Tesla transforms into a profitable electric car maker
What could make Tesla's stock climb enough in a couple short hours to help reverse the months of damage of CEO Elon Musk's "funding secured" $420 tweet, SEC lawsuit, public joint smoking and "pedo" accusations?
A little thing called a profit.
On Wednesday afternoon, the electric vehicle maker unveiled its third-quarter earnings that included a profit of $311.5 million, its third quarterly profit in its 15-year-history.
Musk had predicted that the company would generate a profit in the most recent quarter, but given his spotty track record of missed forecasts, many analysts were caught surprised by the positive net income and substantial cash generation.
The profit, of course, largely was driven by Tesla's dramatic boost in manufacturing and deliveries of its newest, and lower cost, Model 3 EV. It's a car that put Tesla, and Musk personally, crawling through Dante's Inferno of "production hell," and resorting to highly unusual tactics such as building an entirely new production line in a tent next to the regular factory production line in Fremont, California.
But the company also reached the modest profit by a combination of various other measures, such as a significant cutting of capital expenditures, cost reductions in its solar businesses and an eeking out of more Zero Emissions Vehicle credits.
Even better news than Tesla's quarterly profit is its promise of sustainable profits. That's right. Tesla forecasts that in Q4 it also will have a positive net income.
"Our earnings profile has flipped dramatically," writes the executive team in the company's letter to shareholders: "It's a truly historic quarter."
On the company's earnings call, Musk said that Tesla has aspirations for positive cash flow and profitability for "all quarters going forward. " That's a very Musk-ian statement, but you get the picture.
While the financial milestone is important for Tesla and its economic sustainability, it's also a major moment for the electric vehicle industry.
The number of electric vehicles sold globally is starting to quickly grow, although EVs still make up a small percentage of cars, trucks and buses sold. But Tesla, more than any other company, has led the EV market, launching four models and gaining a cult following over the past decade and a half. The company not only has survived — a real feat in the independent automaker world — but shaped the market and pushed global automakers such as GM and Ford to follow suit.
Born in Silicon Valley, seeded by venture capitalists and led by a billionaire Internet entrepreneur, Tesla appears, finally, to be morphing into part mainstream automaker, part engineering tech powerhouse. Despite the constant flow of drama coming off Musk's Twitter feed.

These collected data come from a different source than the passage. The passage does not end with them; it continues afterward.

lemma geom_tail_Suc:
  assumes "cmod q < 1" "Bseq y"
  shows "geom_tail q y k = y k + q * geom_tail q y (Suc k)"
proof -
  have "(\<Sum>n. q ^ Suc n * y (k + Suc n)) = geom_tail q y k - y k"
    using suminf_split_head[OF summable_geom_tail(2)[OF assms, of k]] by (simp add: geom_tail_def)
  moreover have "(\<Sum>n. q ^ Suc n * y (k + Suc n)) = q * geom_tail q y (Suc k)"
    using suminf_mult[OF summable_geom_tail(2)[OF assms, of "Suc k"], of q]
    by (simp add: geom_tail_def mult.assoc)
  ultimately show ?thesis
    by (simp add: algebra_simps)
qed

lemma geom_tail_linear:
  assumes "cmod q < 1" "Bseq x" "Bseq z"
  shows "geom_tail q (\<lambda>k. a * x k + b * z k) k = a * geom_tail q x k + b * geom_tail q z k"
proof -
  note sx = summable_geom_tail(2)[OF assms(1,2), of k]
  note sz = summable_geom_tail(2)[OF assms(1,3), of k]
  have "geom_tail q (\<lambda>k. a * x k + b * z k) k = (\<Sum>n. a * (q ^ n * x (k + n)) + b * (q ^ n * z (k + n)))"
    by (simp add: geom_tail_def algebra_simps)
  also have "\<dots> = a * geom_tail q x k + b * geom_tail q z k"
    unfolding geom_tail_def
    using suminf_add[OF summable_mult[OF sx] summable_mult[OF sz]] suminf_mult[OF sx] suminf_mult[OF sz]
    by simp
  finally show ?thesis .
qed

lemma norm_geom_tail_le:
  assumes "cmod q < 1" "Bseq y"
  shows "cmod (geom_tail q y k) \<le> (\<Sum>n. cmod q ^ n * cmod (y (k + n)))"
  unfolding geom_tail_def
  using summable_norm[of "\<lambda>n. q ^ n * y (k + n)"] summable_geom_tail(1)[OF assms]
  by (simp add: norm_mult norm_power)

lemma norm_geom_tail_le_bound:
  assumes q: "cmod q < 1" and M: "\<And>n. cmod (y n) \<le> M"
  shows "cmod (geom_tail q y k) \<le> M / (1 - cmod q)"
proof -
  have y: "Bseq y"
    using M by (intro BseqI') auto
  have "cmod (geom_tail q y k) \<le> (\<Sum>n. cmod q ^ n * cmod (y (k + n)))"
    by (rule norm_geom_tail_le[OF q y])
  also have "\<dots> \<le> (\<Sum>n. cmod q ^ n * M)"
    using q summable_geom_tail(1)[OF q y]
    by (intro suminf_le summable_mult2 summable_geometric) (auto intro: mult_left_mono M)
  also have "\<dots> = M / (1 - cmod q)"
    using q by (simp add: suminf_mult2[symmetric] suminf_geometric)
  finally show ?thesis .
qed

Tesla can thank its herculean efforts to make and deliver the Model 3 for its financial pivot. The company says in its shareholder letter that the Model 3 was the bestselling car in the United States in terms of total revenue in the third quarter, beating out Toyota's Camry and Corolla models and Honda's Accord and Civic.
Just let that sink in. The Model 3 didn't beat out the electric versions of these mainstream cars, it generated more sales than these internal combustion engine cars.
And despite some mixed early reviews of technical issues, the sheer number of Model 3s Tesla is making and delivering is starting to be substantial.
Tesla says it delivered 56,065 Model 3s just in the third quarter, and made an average of 4,300 of them per week. Need we remind you that in 2015 Tesla delivered 50,000 cars for the entire year.
Musk said on the earnings call that he sees global demand for the Model 3 to reach somewhere between 500,000 and a million cars per year. Tesla isn't quite there, yet. The company is only partly down the path to reach Musk's audacious goals and ambitions.
But Musk says he has a plan to boost the production of its Model 3s to 10,000 cars per week sometime in 2019, and has aimed to deliver 500,000 cars in 2018 and 1 million cars by 2020. Musk also has said that he thinks Tesla could be a trillion-dollar company by 2025.
But Tesla isn't quite a wildly successful, profitable and mainstream company just yet. It still has massive debt: $7.25 billion in recourse debt and $3.25 billion in non-recource debt — and could raise more money down the road.
Musk said on the earnings call that Tesla doesn't expect to raise any more money to fund projects, but most analysts think that likely still will happen. But with a couple profitable quarters under Tesla's belt, fundraising could be a lot easier.
The Model 3 is also still not a low-cost car. While the company long has intended to sell it for $35,000, the current Model 3s come with bells and whistles that boost them to closer to $50,000. Tesla can't yet make the car, sell it for $35,000 and sustain its business.
Musk said on the earnings call that if Tesla could produce the $35,000 Model 3 today, "We’d do it. That’s our mission."